Change integral to polar coordinates and evaluate.

**Undefdisfigure** · January 26th 2011, 07:09 PM

Hi, I am having difficulty picturing what to do with this double integral up to a certain point. I have scanned my work and ask that someone take a look at it and see where I got up to and tell me what I should do next. Integrate by parts? Substitution? I'm not sure. I have attached my scans to this thread. Thanks.

**dwsmith** · January 26th 2011, 07:14 PM

Originally Posted by Undefdisfigure

Hi, I am having difficulty picturing what to do with this double integral up to a certain point. I have scanned my work and ask that someone take a look at it and see where I got up to and tell me what I should do next. Integrate by parts? Substitution? I'm not sure. I have attached my scans to this thread. Thanks.

Shouldn't your circle be centered at the origin in image 1?

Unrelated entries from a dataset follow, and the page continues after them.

definition CovAHat :: "nat \<Rightarrow> (nat \<Rightarrow> nat) set \<Rightarrow> ((nat \<Rightarrow> nat) \<Rightarrow> real) \<Rightarrow> (nat \<Rightarrow> (nat \<Rightarrow> nat) \<Rightarrow> 'd) \<Rightarrow> (nat \<Rightarrow> 'd \<Rightarrow> real) \<Rightarrow> 'd \<Rightarrow> 'd \<Rightarrow> (nat \<Rightarrow> nat) \<Rightarrow> real" where
  "CovAHat N Om p D y dk dl z =
     (\<Sum>i<N. \<Sum>j\<in>{j. j < N \<and> j \<noteq> i \<and> pi2 Om p D i j dk dl > 0}.
        ind (D i z = dk) * ind (D j z = dl) / pi2 Om p D i j dk dl
        * (y i dk / pi1 Om p D i dk) * (y j dl / pi1 Om p D j dl)
        * (pi2 Om p D i j dk dl - pi1 Om p D i dk * pi1 Om p D j dl))
   - (\<Sum>i<N. \<Sum>j\<in>{j. j < N \<and> pi2 Om p D i j dk dl = 0}.
        ind (D i z = dk) * (y i dk)^2 / (2 * pi1 Om p D i dk)
      + ind (D j z = dl) * (y j dl)^2 / (2 * pi1 Om p D j dl))"

definition tauHT :: "nat \<Rightarrow> (nat \<Rightarrow> nat) set \<Rightarrow> ((nat \<Rightarrow> nat) \<Rightarrow> real) \<Rightarrow> (nat \<Rightarrow> (nat \<Rightarrow> nat) \<Rightarrow> 'd) \<Rightarrow> (nat \<Rightarrow> 'd \<Rightarrow> real) \<Rightarrow> 'd \<Rightarrow> 'd \<Rightarrow> (nat \<Rightarrow> nat) \<Rightarrow> real" where
  "tauHT N Om p D y dk dl z = (yHT N Om p D y dk z - yHT N Om p D y dl z) / real N"

definition VarTauHat :: "nat \<Rightarrow> (nat \<Rightarrow> nat) set \<Rightarrow> ((nat \<Rightarrow> nat) \<Rightarrow> real) \<Rightarrow> (nat \<Rightarrow> (nat \<Rightarrow> nat) \<Rightarrow> 'd) \<Rightarrow> (nat \<Rightarrow> 'd \<Rightarrow> real) \<Rightarrow> 'd \<Rightarrow> 'd \<Rightarrow> (nat \<Rightarrow> nat) \<Rightarrow> real" where
  "VarTauHat N Om p D y dk dl z =
     (VarHat N Om p D y dk z + A2Hat N Om p D y dk z
      + VarHat N Om p D y dl z + A2Hat N Om p D y dl z
      - 2 * CovAHat N Om p D y dk dl z) / (real N)^2"

end

theory Submission
  imports Defs
begin

text \<open>Both the variance of a Horvitz-Thompson total and the covariance of two of them are
  double sums over pairs of units with weights \<open>\<pi>\<^sub>i\<^sub>j - \<pi>\<^sub>i \<pi>\<^sub>j\<close>. The estimators
  \<open>VarHat\<close> and \<open>CovAHat\<close> are unbiased for every term with \<open>\<pi>\<^sub>i\<^sub>j > 0\<close>; for the
  pairs with \<open>\<pi>\<^sub>i\<^sub>j = 0\<close> the missing term is \<open>-y\<^sub>i y\<^sub>j\<close> (resp. \<open>+y\<^sub>i y\<^sub>j\<close> in the
  covariance), and the correction terms \<open>A2Hat\<close> and the subtracted part of \<open>CovAHat\<close> have
  expectation \<open>(y\<^sub>i\<^sup>2 + y\<^sub>j\<^sup>2)/2\<close> per such pair, which dominates it by Young's inequality.
  Since \<open>Var(X - Y) = Var X + Var Y - 2 Cov(X,Y)\<close>, the bounds combine.\<close>

lemma ind_conj: "ind a * ind b = ind (a \<and> b)"
  by (simp add: ind_def)

lemma Expect_add: "Expect Om p (\<lambda>z. f z + g z) = Expect Om p f + Expect Om p g"
  by (simp add: Expect_def distrib_left sum.distrib)

lemma Expect_diff: "Expect Om p (\<lambda>z. f z - g z) = Expect Om p f - Expect Om p g"
  by (simp add: Expect_def right_diff_distrib sum_subtractf)

lemma Expect_sum: "Expect Om p (\<lambda>z. \<Sum>i\<in>A. f i z) = (\<Sum>i\<in>A. Expect Om p (f i))"
  unfolding Expect_def sum_distrib_left by (rule sum.swap)

lemma Expect_mult_right: "Expect Om p (\<lambda>z. f z * c) = Expect Om p f * c"
  by (simp add: Expect_def sum_distrib_right mult.assoc)

lemma Expect_mult_left: "Expect Om p (\<lambda>z. c * f z) = c * Expect Om p f"
  by (simp add: Expect_def sum_distrib_left algebra_simps)

lemma Expect_divide: "Expect Om p (\<lambda>z. f z / c) = Expect Om p f / c"
  by (simp add: Expect_def sum_divide_distrib)

lemma Expect_const: "sum p Om = 1 \<Longrightarrow> Expect Om p (\<lambda>z. c) = c"
  by (simp add: Expect_def sum_distrib_right[symmetric])

lemma Expect_ind: "Expect Om p (\<lambda>z. ind (D i z = d)) = pi1 Om p D i d"
  by (simp add: pi1_def)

**Undefdisfigure** · January 26th 2011, 07:59 PM

Yes it should, I'll fix that. But what should I do with this integral? Even with the image
fixed, the integral would be set up the same way.

**dwsmith** · January 26th 2011, 08:03 PM

Originally Posted by Undefdisfigure

Yes it should, I'll fix that. But what should I do with this integral? Even with the image
fixed, the integral would be set up the same way.

U-Sub

$u=r\cos(\theta)$

**Prove It** · January 26th 2011, 08:10 PM

Originally Posted by dwsmith

U-Sub

$u=r\cos(\theta)$

Provided you are integrating with respect to $\displaystyle \theta$ first...

**Undefdisfigure** · January 26th 2011, 10:36 PM

So do I have to switch the order of integration or is there a way to integrate with respect to r first?

**Prove It** · January 26th 2011, 11:39 PM

You'll have to switch the order...

**Undefdisfigure** · January 27th 2011, 09:30 PM

But du would equal -r sin(theta) and it's r^2 in front of the sin(theta). Do I remove the r (1/r) and put it in front of the integral?

**Prove It** · January 27th 2011, 09:32 PM

When integrating with respect to $\displaystyle \theta$ you treat $\displaystyle r$ as a constant.

**Undefdisfigure** · January 28th 2011, 12:12 PM

I sent a private message and I don't know if it was received but this is what it was:

In the question I asked, when you substitute u = r cos(theta), you get
du = - r sin(theta). When treating r as a constant, does that mean it doesn't matter if it's r^2 sin (theta) and you just integrate e^u du with respect to theta?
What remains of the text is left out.